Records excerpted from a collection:
╭──

text \<open>Call a monomial in the variables x_S pairwise disjoint if no vertex lies in two of its
factors; these are exactly the monomials outside M_G. Every generator of J_G is homogeneous for
the vertex multidegree (how many factors contain a given vertex), and disjointness depends only on
this multidegree, so the disjoint part of an element of J_G again lies in J_G. Hence an element of
the reduced Groebner basis of J_G is supported either on disjoint monomials only, or on
non-disjoint ones only, and then it lies in M_G. For p in K_G, either the leading monomial of p is
divisible by some x_S x_T with S and T meeting, or it is disjoint, and then it is also the leading
monomial of the disjoint part of p, which lies in J_G. Reducedness comes down to the fact that all
monomials occurring in K_G have degree at least 2.\<close>

section \<open>Polynomial rings and generated ideals\<close>

lemma keys_add_monom: "Poly_Mapping.keys ((a::'v monom) + b) = Poly_Mapping.keys a \<union> Poly_Mapping.keys b"
  by (auto simp: in_keys_iff lookup_add)

lemma poly_ringI: "(\<And>m. m \<in> Poly_Mapping.keys p \<Longrightarrow> Poly_Mapping.keys m \<subseteq> V) \<Longrightarrow> p \<in> poly_ring V"
  by (simp add: poly_ring_def)

lemma poly_ringD: "p \<in> poly_ring V \<Longrightarrow> m \<in> Poly_Mapping.keys p \<Longrightarrow> Poly_Mapping.keys m \<subseteq> V"
  by (simp add: poly_ring_def)

lemma poly_ring_zero: "0 \<in> poly_ring V"
  by (simp add: poly_ring_def)

lemma poly_ring_single: "Poly_Mapping.keys m \<subseteq> V \<Longrightarrow> Poly_Mapping.single m c \<in> poly_ring V"
  by (simp add: poly_ring_def)

lemma poly_ring_add: "p \<in> poly_ring V \<Longrightarrow> q \<in> poly_ring V \<Longrightarrow> p + q \<in> poly_ring V"
  using keys_add[of p q] by (intro poly_ringI) (auto dest: poly_ringD)

lemma poly_ring_mult:
  assumes "p \<in> poly_ring V" "q \<in> poly_ring V"
  shows "p * (q::('v, 'k::comm_ring_1) mpoly) \<in> poly_ring V"
proof (rule poly_ringI)
  fix m assume "m \<in> Poly_Mapping.keys (p * q)"
  then obtain a b where "a \<in> Poly_Mapping.keys p" "b \<in> Poly_Mapping.keys q" "m = a + b"
    using keys_mult[of p q] by blast
  with assms show "Poly_Mapping.keys m \<subseteq> V"
    by (auto simp: keys_add_monom dest: poly_ringD)
qed

lemma poly_ring_sum:
  "(\<And>x. x \<in> A \<Longrightarrow> f x \<in> poly_ring V) \<Longrightarrow> sum f A \<in> poly_ring V"
  by (induction A rule: infinite_finite_induct) (simp_all add: poly_ring_zero poly_ring_add)

lemma ideal_genI:
  "finite F \<Longrightarrow> F \<subseteq> B \<Longrightarrow> (\<And>b. b \<in> F \<Longrightarrow> q b \<in> poly_ring V) \<Longrightarrow>
    (\<Sum>b\<in>F. q b * b) \<in> ideal_gen V B"
  unfolding ideal_gen_def by blast

lemma ideal_genE:
  assumes "p \<in> ideal_gen V B"
  obtains F q where "finite F" "F \<subseteq> B" "\<forall>b\<in>F. q b \<in> poly_ring V" "p = (\<Sum>b\<in>F. q b * b)"
  using assms unfolding ideal_gen_def by blast

lemma ideal_gen_base: "b \<in> B \<Longrightarrow> b \<in> ideal_gen V B"
  using ideal_genI[of "{b}" B "\<lambda>_. 1" V] by (simp add: poly_ring_def)

lemma ideal_gen_add:
  assumes "p \<in> ideal_gen V B" "q \<in> ideal_gen V B"
  shows "p + q \<in> ideal_gen V B"
proof -
  obtain F1 q1 where 1: "finite F1" "F1 \<subseteq> B" "\<forall>b\<in>F1. q1 b \<in> poly_ring V"
    "p = (\<Sum>b\<in>F1. q1 b * b)"
    using assms(1) by (rule ideal_genE)
  obtain F2 q2 where 2: "finite F2" "F2 \<subseteq> B" "\<forall>b\<in>F2. q2 b \<in> poly_ring V"
    "q = (\<Sum>b\<in>F2. q2 b * b)"
    using assms(2) by (rule ideal_genE)
  define r where "r b = (if b \<in> F1 then q1 b else 0) + (if b \<in> F2 then q2 b else 0)" for b
  have "(\<Sum>b\<in>F1 \<union> F2. r b * b) = (\<Sum>b\<in>F1 \<union> F2. if b \<in> F1 then q1 b * b else 0)
      + (\<Sum>b\<in>F1 \<union> F2. if b \<in> F2 then q2 b * b else 0)"
    unfolding sum.distrib[symmetric] by (rule sum.cong) (auto simp: r_def distrib_right)
  also have "\<dots> = p + q"
    using 1 2 by (simp add: sum.inter_restrict[symmetric] Un_Int_eq)
  finally have "p + q = (\<Sum>b\<in>F1 \<union> F2. r b * b)" ..
  moreover have "(\<Sum>b\<in>F1 \<union> F2. r b * b) \<in> ideal_gen V B"
    using 1 2 by (intro ideal_genI) (simp_all add: r_def poly_ring_add poly_ring_zero)
  ultimately show ?thesis by simp
qed

lemma ideal_gen_mult:
  assumes "p \<in> ideal_gen V B" "r \<in> poly_ring V"
  shows "r * p \<in> ideal_gen V B"
proof -
  obtain F q where p: "finite F" "F \<subseteq> B" "\<forall>b\<in>F. q b \<in> poly_ring V"
    "p = (\<Sum>b\<in>F. q b * b)"
    using assms(1) by (rule ideal_genE)
  have "r * p = (\<Sum>b\<in>F. (r * q b) * b)"
    using p by (simp add: sum_distrib_left mult.assoc)
  also have "\<dots> \<in> ideal_gen V B"
    using p assms(2) by (intro ideal_genI) (simp_all add: poly_ring_mult)
  finally show ?thesis .
qed

lemma ideal_gen_sum:
  "(\<And>x. x \<in> A \<Longrightarrow> f x \<in> ideal_gen V B) \<Longrightarrow> sum f A \<in> ideal_gen V B"
proof (induction A rule: infinite_finite_induct)
  case (insert x F)
  then show ?case by (simp add: ideal_gen_add)
qed (use ideal_genI[of "{}"] in simp_all)

lemma ideal_gen_mono: "B \<subseteq> C \<Longrightarrow> ideal_gen V B \<subseteq> ideal_gen V C"
  unfolding ideal_gen_def by blast

lemma ideal_gen_subset:
  assumes "B \<subseteq> ideal_gen V C"
  shows "ideal_gen V B \<subseteq> ideal_gen V C"
proof
  fix p assume "p \<in> ideal_gen V B"
  then obtain F q where "finite F" "F \<subseteq> B" "\<forall>b\<in>F. q b \<in> poly_ring V" "p = (\<Sum>b\<in>F. q b * b)"
    by (rule ideal_genE)
  with assms show "p \<in> ideal_gen V C"
    by (auto intro!: ideal_gen_sum ideal_gen_mult)
qed

lemma ideal_gen_subset_poly_ring:
  assumes "B \<subseteq> poly_ring V"
  shows "ideal_gen V B \<subseteq> poly_ring V"
proof
  fix p assume "p \<in> ideal_gen V B"
  then obtain F q where "finite F" "F \<subseteq> B" "\<forall>b\<in>F. q b \<in> poly_ring V" "p = (\<Sum>b\<in>F. q b * b)"
    by (rule ideal_genE)
  with assms show "p \<in> poly_ring V"
    by (auto intro!: poly_ring_sum poly_ring_mult)
qed

lemma ideal_gen_Un_decomp:
  assumes "p \<in> ideal_gen V (A \<union> B)"
  obtains a b where "a \<in> ideal_gen V A" "b \<in> ideal_gen V B" "p = a + b"
proof -
  obtain F q where F: "finite F" "F \<subseteq> A \<union> B" "\<forall>b\<in>F. q b \<in> poly_ring V"
    "p = (\<Sum>b\<in>F. q b * b)"
    using assms by (rule ideal_genE)
  have "p = (\<Sum>b\<in>F \<inter> A. q b * b) + (\<Sum>b\<in>F - A. q b * b)"
    using F by (simp add: sum.Int_Diff)
  moreover have "(\<Sum>b\<in>F \<inter> A. q b * b) \<in> ideal_gen V A"
    using F by (intro ideal_genI) auto
  moreover have "(\<Sum>b\<in>F - A. q b * b) \<in> ideal_gen V B"
    using F by (intro ideal_genI) auto
  ultimately show ?thesis using that by blast
qed

lemma keys_ideal_gen:
  assumes "p \<in> ideal_gen V B" "m \<in> Poly_Mapping.keys p"
  obtains b a k where "b \<in> B" "a \<in> Poly_Mapping.keys b" "m = k + a"
proof -
  obtain F q where F: "finite F" "F \<subseteq> B" "\<forall>b\<in>F. q b \<in> poly_ring V" "p = (\<Sum>b\<in>F. q b * b)"
    using assms(1) by (rule ideal_genE)
  then obtain b where b: "b \<in> F" "m \<in> Poly_Mapping.keys (q b * b)"
    using assms(2) keys_sum[of "\<lambda>b. q b * b" F] by blast
  then obtain k a where "a \<in> Poly_Mapping.keys b" "m = k + a"
    using keys_mult[of "q b" b] by blast
  with b F(2) that show ?thesis by blast
qed

section \<open>Restricting a polynomial to a set of monomials\<close>

definition restrict_poly :: "('v monom \<Rightarrow> bool) \<Rightarrow> ('v, 'k::zero) mpoly \<Rightarrow> ('v, 'k) mpoly" where
  "restrict_poly P p = Poly_Mapping.mapp (\<lambda>m c. if P m then c else 0) p"

lemma lookup_restrict_poly:
  "Poly_Mapping.lookup (restrict_poly P p) m = (if P m then Poly_Mapping.lookup p m else 0)"
  by (simp add: restrict_poly_def lookup_mapp in_keys_iff when_def)

lemma keys_restrict_poly: "Poly_Mapping.keys (restrict_poly P p) = {m \<in> Poly_Mapping.keys p. P m}"
  by (auto simp: in_keys_iff lookup_restrict_poly split: if_splits)

lemma restrict_poly_eq_self: "(\<And>m. m \<in> Poly_Mapping.keys p \<Longrightarrow> P m) \<Longrightarrow> restrict_poly P p = p"
  by (rule poly_mapping_eqI) (auto simp: lookup_restrict_poly in_keys_iff)

lemma restrict_poly_eq_zero: "(\<And>m. m \<in> Poly_Mapping.keys p \<Longrightarrow> \<not> P m) \<Longrightarrow> restrict_poly P p = 0"
  by (rule poly_mapping_eqI) (auto simp: lookup_restrict_poly in_keys_iff)

lemma restrict_poly_single:
  "restrict_poly P (Poly_Mapping.single m c) = (if P m then Poly_Mapping.single m c else 0)"
  by (cases "P m") (auto intro!: restrict_poly_eq_self restrict_poly_eq_zero split: if_splits)

lemma restrict_poly_add:
  "restrict_poly P (p + q) = restrict_poly P p + restrict_poly P (q :: ('v, 'k::monoid_add) mpoly)"
  by (rule poly_mapping_eqI) (simp add: lookup_restrict_poly lookup_add)

lemma restrict_poly_sum:
  "restrict_poly P (sum f A) = (\<Sum>x\<in>A. restrict_poly P (f x :: ('v, 'k::comm_monoid_add) mpoly))"
  by (rule poly_mapping_eqI) (simp add: lookup_restrict_poly lookup_sum)

lemma restrict_poly_poly_ring: "p \<in> poly_ring V \<Longrightarrow> restrict_poly P p \<in> poly_ring V"
  by (intro poly_ringI) (auto simp: keys_restrict_poly dest: poly_ringD)

lemma sum_single_lookup: "(\<Sum>m\<in>Poly_Mapping.keys p. Poly_Mapping.single m (Poly_Mapping.lookup p m)) = p"
  by (rule poly_mapping_eqI) (simp add: lookup_sum lookup_single when_def in_keys_iff)

lemma restrict_poly_mult_homogeneous:
  fixes q b :: "('v, 'k::comm_ring_1) mpoly"
  assumes hom: "\<And>a a' k. a \<in> Poly_Mapping.keys b \<Longrightarrow> a' \<in> Poly_Mapping.keys b \<Longrightarrow> P (k + a) = P (k + a')"
  shows "restrict_poly P (q * b) = restrict_poly (\<lambda>k. \<exists>a\<in>Poly_Mapping.keys b. P (k + a)) q * b"
proof -
  let ?Q = "\<lambda>k. \<exists>a\<in>Poly_Mapping.keys b. P (k + a)"
  have summand: "restrict_poly P (Poly_Mapping.single l c * b) = restrict_poly ?Q (Poly_Mapping.single l c) * b"
    for l c
  proof -
    have keys: "Poly_Mapping.keys (Poly_Mapping.single l c * b) \<subseteq> {l + a | a. a \<in> Poly_Mapping.keys b}"
      using keys_mult[of "Poly_Mapping.single l c" b] by (auto split: if_splits)
    show ?thesis
    proof (cases "?Q l")
      case True
      then have "\<forall>a\<in>Poly_Mapping.keys b. P (l + a)"
        using hom by blast
      with keys True show ?thesis
        by (auto simp: restrict_poly_single intro!: restrict_poly_eq_self)
    next
      case False
      with keys show ?thesis
        by (auto simp: restrict_poly_single intro!: restrict_poly_eq_zero)
    qed
  qed
  have "q * b = (\<Sum>l\<in>Poly_Mapping.keys q. Poly_Mapping.single l (Poly_Mapping.lookup q l) * b)"
    by (simp add: sum_single_lookup flip: sum_distrib_right)
  also have "restrict_poly P \<dots> = restrict_poly ?Q q * b"
    by (subst (2) sum_single_lookup[of q, symmetric])
      (simp add: restrict_poly_sum summand sum_distrib_right)
  finally show ?thesis .
qed

lemma restrict_poly_ideal_gen:
  fixes B :: "('v, 'k::comm_ring_1) mpoly set"
  assumes "p \<in> ideal_gen V B"
    and hom: "\<And>b a a' k. b \<in> B \<Longrightarrow> a \<in> Poly_Mapping.keys b \<Longrightarrow> a' \<in> Poly_Mapping.keys b \<Longrightarrow>
      P (k + a) = P (k + a')"
  shows "restrict_poly P p \<in> ideal_gen V B"
proof -
  obtain F q where F: "finite F" "F \<subseteq> B" "\<forall>b\<in>F. q b \<in> poly_ring V" "p = (\<Sum>b\<in>F. q b * b)"
    using assms(1) by (rule ideal_genE)
  define Q where "Q b k \<longleftrightarrow> (\<exists>a\<in>Poly_Mapping.keys b. P (k + a))" for b :: "('v, 'k) mpoly" and k
  have "restrict_poly P p = (\<Sum>b\<in>F. restrict_poly (Q b) (q b) * b)"
    unfolding F(4) restrict_poly_sum Q_def
    using F(2) hom by (intro sum.cong refl restrict_poly_mult_homogeneous) blast
  also have "\<dots> \<in> ideal_gen V B"
    using F by (intro ideal_genI) (simp_all add: restrict_poly_poly_ring)
  finally show ?thesis .
qed

section \<open>Monomial orders and leading monomials\<close>

lemma monomial_order_irrefl:
  "monomial_order V lt \<Longrightarrow> Poly_Mapping.keys m \<subseteq> V \<Longrightarrow> \<not> lt m m"
  unfolding monomial_order_def by blast

lemma monomial_order_trans:
  "monomial_order V lt \<Longrightarrow> Poly_Mapping.keys m \<subseteq> V \<Longrightarrow> Poly_Mapping.keys n \<subseteq> V \<Longrightarrow>
    Poly_Mapping.keys k \<subseteq> V \<Longrightarrow> lt m n \<Longrightarrow> lt n k \<Longrightarrow> lt m k"
  unfolding monomial_order_def by blast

╰──

Task brief: Above are the records. Copy the lines beginning at the one that has "by (simp add: restrict_poly_def" and ending with the one that has "p. Poly_Mapping.single m", unchanged.

Result below:
  by (simp add: restrict_poly_def lookup_mapp in_keys_iff when_def)

lemma keys_restrict_poly: "Poly_Mapping.keys (restrict_poly P p) = {m \<in> Poly_Mapping.keys p. P m}"
  by (auto simp: in_keys_iff lookup_restrict_poly split: if_splits)

lemma restrict_poly_eq_self: "(\<And>m. m \<in> Poly_Mapping.keys p \<Longrightarrow> P m) \<Longrightarrow> restrict_poly P p = p"
  by (rule poly_mapping_eqI) (auto simp: lookup_restrict_poly in_keys_iff)

lemma restrict_poly_eq_zero: "(\<And>m. m \<in> Poly_Mapping.keys p \<Longrightarrow> \<not> P m) \<Longrightarrow> restrict_poly P p = 0"
  by (rule poly_mapping_eqI) (auto simp: lookup_restrict_poly in_keys_iff)

lemma restrict_poly_single:
  "restrict_poly P (Poly_Mapping.single m c) = (if P m then Poly_Mapping.single m c else 0)"
  by (cases "P m") (auto intro!: restrict_poly_eq_self restrict_poly_eq_zero split: if_splits)

lemma restrict_poly_add:
  "restrict_poly P (p + q) = restrict_poly P p + restrict_poly P (q :: ('v, 'k::monoid_add) mpoly)"
  by (rule poly_mapping_eqI) (simp add: lookup_restrict_poly lookup_add)

lemma restrict_poly_sum:
  "restrict_poly P (sum f A) = (\<Sum>x\<in>A. restrict_poly P (f x :: ('v, 'k::comm_monoid_add) mpoly))"
  by (rule poly_mapping_eqI) (simp add: lookup_restrict_poly lookup_sum)

lemma restrict_poly_poly_ring: "p \<in> poly_ring V \<Longrightarrow> restrict_poly P p \<in> poly_ring V"
  by (intro poly_ringI) (auto simp: keys_restrict_poly dest: poly_ringD)

lemma sum_single_lookup: "(\<Sum>m\<in>Poly_Mapping.keys p. Poly_Mapping.single m (Poly_Mapping.lookup p m)) = p"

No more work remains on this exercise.